**Exercise prompt**
The answer must consist of every line from the entries below that contains the word "subst".

**Records**
(* Define, for integers $n,m,p\ge0$, $\mathcal{Z}_{n,m}(p)=\binom{m+p}{p}\sum_{k=0}^{m}s(m,k)\mathcal{B}_{n+k,p}$ and the polynomials $$\mathcal{Z}_{n,m}(x;p)=\sum_{k=0}^{n}\binom{n}{k}\mathcal{Z}_{k,m}(p)\,x^{n-k}.$$ Then for all integers $n,m,p\ge0$, $$\mathcal{Z}_{n+1,m}(x;p)=\frac{m+1}{m+p+1}\,\mathcal{Z}_{n,m+1}(x;p)+(m+x)\,\mathcal{Z}_{n,m}(x;p),$$ with $\mathcal{Z}_{0,m}(x;p)=1$.
   Context: $s(m,k)$ are the signed Stirling numbers of the first kind, defined by $x(x-1)\cdots(x-m+1)=\sum_{k=0}^m s(m,k)x^k$. For an integer $p\ge0$, the $p$-Bell numbers $\mathcal{B}_{n,p}$ are defined by $\sum_{n\ge0}\mathcal{B}_{n,p}\frac{z^n}{n!}=\sum_{n\ge0}\binom{n+p}{p}^{-1}\frac{(e^z-1)^n}{n!}$. *)

theory Defs
  imports "HOL-Computational_Algebra.Formal_Power_Series" "HOL-Computational_Algebra.Polynomial"
begin

definition stirling1s :: "nat \<Rightarrow> nat \<Rightarrow> int" where
  "stirling1s m k = coeff (\<Prod>i<m. [:- of_nat i, 1:]) k"

text \<open>p-Bell numbers: n! times the n-th coefficient of
  sum_j binom(j+p,p)^(-1) (e^z-1)^j / j!.  Since (e^z - 1)^j has order j,
  only the terms j \<le> n contribute to the n-th coefficient, so the formal
  infinite sum is truncated exactly.\<close>
definition pBell :: "nat \<Rightarrow> nat \<Rightarrow> real" where
  "pBell n p = fact n *
     (\<Sum>j\<le>n. (1 / of_nat ((j + p) choose p)) * (1 / fact j) *
        fps_nth ((fps_exp (1::real) - 1) ^ j) n)"

definition Zc :: "nat \<Rightarrow> nat \<Rightarrow> nat \<Rightarrow> real" where
  "Zc n m p = of_nat ((m + p) choose p) *
     (\<Sum>k\<le>m. of_int (stirling1s m k) * pBell (n + k) p)"

definition Zpoly :: "nat \<Rightarrow> nat \<Rightarrow> real \<Rightarrow> nat \<Rightarrow> real" where
  "Zpoly n m x p = (\<Sum>k\<le>n. of_nat (n choose k) * Zc k m p * x ^ (n - k))"

end

theory Submission
  imports Defs "HOL-Combinatorics.Stirling"
begin

(* Since (e^z - 1)^j / j! is the exponential generating function of the Stirling numbers
   of the second kind S(n,j), the p-Bell numbers are B_{n,p} = sum_j S(n,j) / binom(j+p,p).
   The orthogonality sum_k s(m,k) S(k,j) = [j = m] then gives Z_{0,m}(p) = 1, and the
   recurrence s(m+1,k) = s(m,k-1) - m s(m,k) gives
   Z_{n+1,m}(p) = (m+1)/(m+p+1) Z_{n,m+1}(p) + m Z_{n,m}(p).
   Pascal's rule transfers this to the binomial convolutions Z_{n,m}(x;p), adding the
   term x Z_{n,m}(x;p). *)

lemma fps_exp_minus_one_power_Suc_nth:
  fixes E :: "'a::field_char_0 fps"
  defines "E \<equiv> fps_exp 1 - 1"
  shows "of_nat (Suc n) * fps_nth (E ^ Suc j) (Suc n)
           = of_nat (Suc j) * (fps_nth (E ^ Suc j) n + fps_nth (E ^ j) n)"
proof -
  have "fps_deriv E = E + 1"
    by (simp add: E_def)
  then have "fps_deriv (E ^ Suc j) = fps_const (of_nat (Suc j)) * (E ^ Suc j + E ^ j)"
    by (simp only: fps_deriv_power diff_Suc_1) (simp add: algebra_simps)
  from arg_cong[OF this, of "\<lambda>f. fps_nth f n"] show ?thesis
    by (simp only: fps_deriv_nth fps_mult_left_const_nth fps_add_nth Suc_eq_plus1)
qed

lemma Stirling_eq_fps_exp_minus_one_power_nth:
  fixes E :: "'a::field_char_0 fps"
  defines "E \<equiv> fps_exp 1 - 1"
  shows "of_nat (Stirling n j) = fact n * (1 / fact j) * fps_nth (E ^ j) n"
proof (induction n arbitrary: j)
  case 0
  then show ?case by (cases j) (auto simp: E_def)
next
  case (Suc n)
  show ?case
  proof (cases j)
    case 0
    then show ?thesis by simp
  next
    case (Suc i)
    have "fact (Suc n) * (1 / fact (Suc i)) * fps_nth (E ^ Suc i) (Suc n)
        = fact n / fact (Suc i) * (of_nat (Suc n) * fps_nth (E ^ Suc i) (Suc n))"
      by (simp add: fact_Suc[of n] field_simps del: of_nat_Suc)
    also have "\<dots> = fact n / fact (Suc i) * (of_nat (Suc i) * (fps_nth (E ^ Suc i) n + fps_nth (E ^ i) n))"
      unfolding E_def fps_exp_minus_one_power_Suc_nth ..
    also have "\<dots> = of_nat (Suc i) * (fact n * (1 / fact (Suc i)) * fps_nth (E ^ Suc i) n)
                      + fact n * (1 / fact i) * fps_nth (E ^ i) n"
      by (simp add: fact_Suc[of i] field_simps del: of_nat_Suc)
    also have "\<dots> = of_nat (Stirling (Suc n) (Suc i))"
      by (simp only: Suc.IH[symmetric] Stirling.simps of_nat_add of_nat_mult)
    finally show ?thesis
      using \<open>j = Suc i\<close> by simp
  qed
qed

lemma stirling1s_0_left: "stirling1s 0 k = (if k = 0 then 1 else 0)"
  by (simp add: stirling1s_def)

lemma stirling1s_Suc_0: "stirling1s (Suc m) 0 = - int m * stirling1s m 0"
  by (simp add: stirling1s_def algebra_simps)

lemma stirling1s_Suc_Suc: "stirling1s (Suc m) (Suc k) = stirling1s m k - int m * stirling1s m (Suc k)"
  by (simp add: stirling1s_def algebra_simps)

lemma stirling1s_eq_0: "m < k \<Longrightarrow> stirling1s m k = 0"
proof (induction m arbitrary: k)
  case 0
  then show ?case by (simp add: stirling1s_0_left)
next
  case (Suc m)
  then obtain k' where "k = Suc k'" by (cases k) auto
  with Suc show ?case by (simp add: stirling1s_Suc_Suc)
qed

lemma sum_stirling1s_Suc:
  fixes f :: "nat \<Rightarrow> 'a::comm_ring_1"
  shows "(\<Sum>k\<le>Suc m. of_int (stirling1s (Suc m) k) * f k)
           = (\<Sum>k\<le>m. of_int (stirling1s m k) * f (Suc k)) - of_nat m * (\<Sum>k\<le>m. of_int (stirling1s m k) * f k)"
proof -
  have "(\<Sum>k\<le>m. of_int (stirling1s m k) * f k) = (\<Sum>k\<le>Suc m. of_int (stirling1s m k) * f k)"
    by (simp add: stirling1s_eq_0)
  then show ?thesis
    by (simp only: sum.atMost_Suc_shift stirling1s_Suc_0 stirling1s_Suc_Suc)
      (simp add: algebra_simps sum_subtractf sum_distrib_left)
qed

lemma sum_stirling1s_Stirling:
  "(\<Sum>k\<le>m. of_int (stirling1s m k) * of_nat (Stirling k j)) = (if j = m then 1 else (0::'a::comm_ring_1))"
proof (induction m arbitrary: j)
  case 0
  then show ?case by (simp add: stirling1s_0_left)
next
  case (Suc m)
  show ?case
  proof (cases j)
    case 0
    then show ?thesis
      using Suc.IH[of 0] unfolding sum_stirling1s_Suc by simp
  next
    case (Suc i)
    have "(\<Sum>k\<le>m. of_int (stirling1s m k) * of_nat (Stirling (Suc k) (Suc i)))
        = of_nat (Suc i) * (\<Sum>k\<le>m. of_int (stirling1s m k) * of_nat (Stirling k (Suc i)))
          + (\<Sum>k\<le>m. of_int (stirling1s m k) * (of_nat (Stirling k i) :: 'a))"
      by (simp add: algebra_simps sum.distrib sum_distrib_left)
    then show ?thesis
      using Suc Suc.IH[of i] Suc.IH[of "Suc i"] unfolding sum_stirling1s_Suc by auto
  qed
qed

lemma pBell_eq_sum_Stirling:
  assumes "n \<le> N"
  shows "pBell n p = (\<Sum>j\<le>N. real (Stirling n j) / real ((j + p) choose p))"
proof -
  have "pBell n p = (\<Sum>j\<le>n. real (Stirling n j) / real ((j + p) choose p))"
    unfolding pBell_def sum_distrib_left Stirling_eq_fps_exp_minus_one_power_nth
    by (simp add: field_simps)
  also have "\<dots> = (\<Sum>j\<le>N. real (Stirling n j) / real ((j + p) choose p))"
    using assms by (intro sum.mono_neutral_left) auto
  finally show ?thesis .
qed

lemma sum_stirling1s_pBell: "(\<Sum>k\<le>m. of_int (stirling1s m k) * pBell k p) = 1 / real ((m + p) choose p)"
proof -
  have "(\<Sum>k\<le>m. of_int (stirling1s m k) * pBell k p)
      = (\<Sum>k\<le>m. \<Sum>j\<le>m. of_int (stirling1s m k) * real (Stirling k j) / real ((j + p) choose p))"
    by (simp add: pBell_eq_sum_Stirling[of _ m] sum_distrib_left)
  also have "\<dots> = (\<Sum>j\<le>m. (\<Sum>k\<le>m. of_int (stirling1s m k) * real (Stirling k j)) / real ((j + p) choose p))"
    by (subst sum.swap) (simp add: sum_divide_distrib)
  also have "\<dots> = 1 / real ((m + p) choose p)"
    by (simp add: sum_stirling1s_Stirling if_distrib[of "\<lambda>t. t / _"] cong: if_cong)
  finally show ?thesis .
qed

lemma Zc_0_left: "Zc 0 m p = 1"
  by (simp add: Zc_def sum_stirling1s_pBell)

lemma real_binomial_Suc_ratio:
  "real (m + 1) / real (m + p + 1) * real ((m + 1 + p) choose p) = real ((m + p) choose p)"
proof -
  have "(m + 1) * ((m + 1 + p) choose p) = (m + p + 1) * ((m + p) choose p)"
    using binomial_absorb_comp[of "m + 1 + p" p] by simp
  then have "real (m + 1) * real ((m + 1 + p) choose p) = real (m + p + 1) * real ((m + p) choose p)"
    by (metis of_nat_mult)
  then show ?thesis
    by (simp add: field_simps)
qed

lemma Zc_Suc_left:
  "Zc (Suc n) m p = real (m + 1) / real (m + p + 1) * Zc n (m + 1) p + real m * Zc n m p"
proof -
  define W where "W n m = (\<Sum>k\<le>m. of_int (stirling1s m k) * pBell (n + k) p)" for n m
  have Zc_W: "Zc n m p = real ((m + p) choose p) * W n m" for n m
    by (simp add: Zc_def W_def)
  have W_Suc: "W (Suc n) m = W n (Suc m) + real m * W n m"
    unfolding W_def sum_stirling1s_Suc by simp
  have "Zc (Suc n) m p = real ((m + p) choose p) * W n (Suc m) + real m * Zc n m p"
    by (simp add: Zc_W W_Suc algebra_simps)
  also have "real ((m + p) choose p) * W n (Suc m) = real (m + 1) / real (m + p + 1) * Zc n (m + 1) p"
    by (simp add: Zc_W mult.assoc flip: real_binomial_Suc_ratio)
  finally show ?thesis .
qed

lemma binomial_convolution_Suc:
  fixes c :: "nat \<Rightarrow> 'a::comm_ring_1"
  shows "(\<Sum>k\<le>Suc n. of_nat (Suc n choose k) * c k * x ^ (Suc n - k))
           = x * (\<Sum>k\<le>n. of_nat (n choose k) * c k * x ^ (n - k))
             + (\<Sum>k\<le>n. of_nat (n choose k) * c (Suc k) * x ^ (n - k))"
proof -
  have "x * (\<Sum>k\<le>n. of_nat (n choose k) * c k * x ^ (n - k))
      = (\<Sum>k\<le>Suc n. of_nat (n choose k) * c k * x ^ (Suc n - k))"
    by (simp add: sum_distrib_left Suc_diff_le algebra_simps binomial_eq_0)
  also have "\<dots> = c 0 * x ^ Suc n + (\<Sum>k\<le>n. of_nat (n choose Suc k) * c (Suc k) * x ^ (n - k))"
    by (subst sum.atMost_Suc_shift) simp
  finally show ?thesis
    by (subst sum.atMost_Suc_shift) (simp add: sum.distrib algebra_simps)
qed

theorem mainTheorem14:
  fixes n m p :: nat and x :: real
  shows "Zpoly (n + 1) m x p =
           real (m + 1) / real (m + p + 1) * Zpoly n (m + 1) x p + (real m + x) * Zpoly n m x p
         \<and> Zpoly 0 m x p = 1"
proof
  have "Zpoly (Suc n) m x p = x * Zpoly n m x p + (\<Sum>k\<le>n. real (n choose k) * Zc (Suc k) m p * x ^ (n - k))"
    unfolding Zpoly_def by (rule binomial_convolution_Suc)
  also have "(\<Sum>k\<le>n. real (n choose k) * Zc (Suc k) m p * x ^ (n - k))
      = real (m + 1) / real (m + p + 1) * Zpoly n (m + 1) x p + real m * Zpoly n m x p"
    unfolding Zpoly_def Zc_Suc_left by (simp add: sum_distrib_left sum.distrib algebra_simps)
  finally show "Zpoly (n + 1) m x p =
      real (m + 1) / real (m + p + 1) * Zpoly n (m + 1) x p + (real m + x) * Zpoly n m x p"
    by (simp add: algebra_simps)
  show "Zpoly 0 m x p = 1"
    by (simp add: Zpoly_def Zc_0_left)
qed

end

**Exercise response**
    by (subst sum.swap) (simp add: sum_divide_distrib)
    by (subst sum.atMost_Suc_shift) simp
    by (subst sum.atMost_Suc_shift) (simp add: sum.distrib algebra_simps)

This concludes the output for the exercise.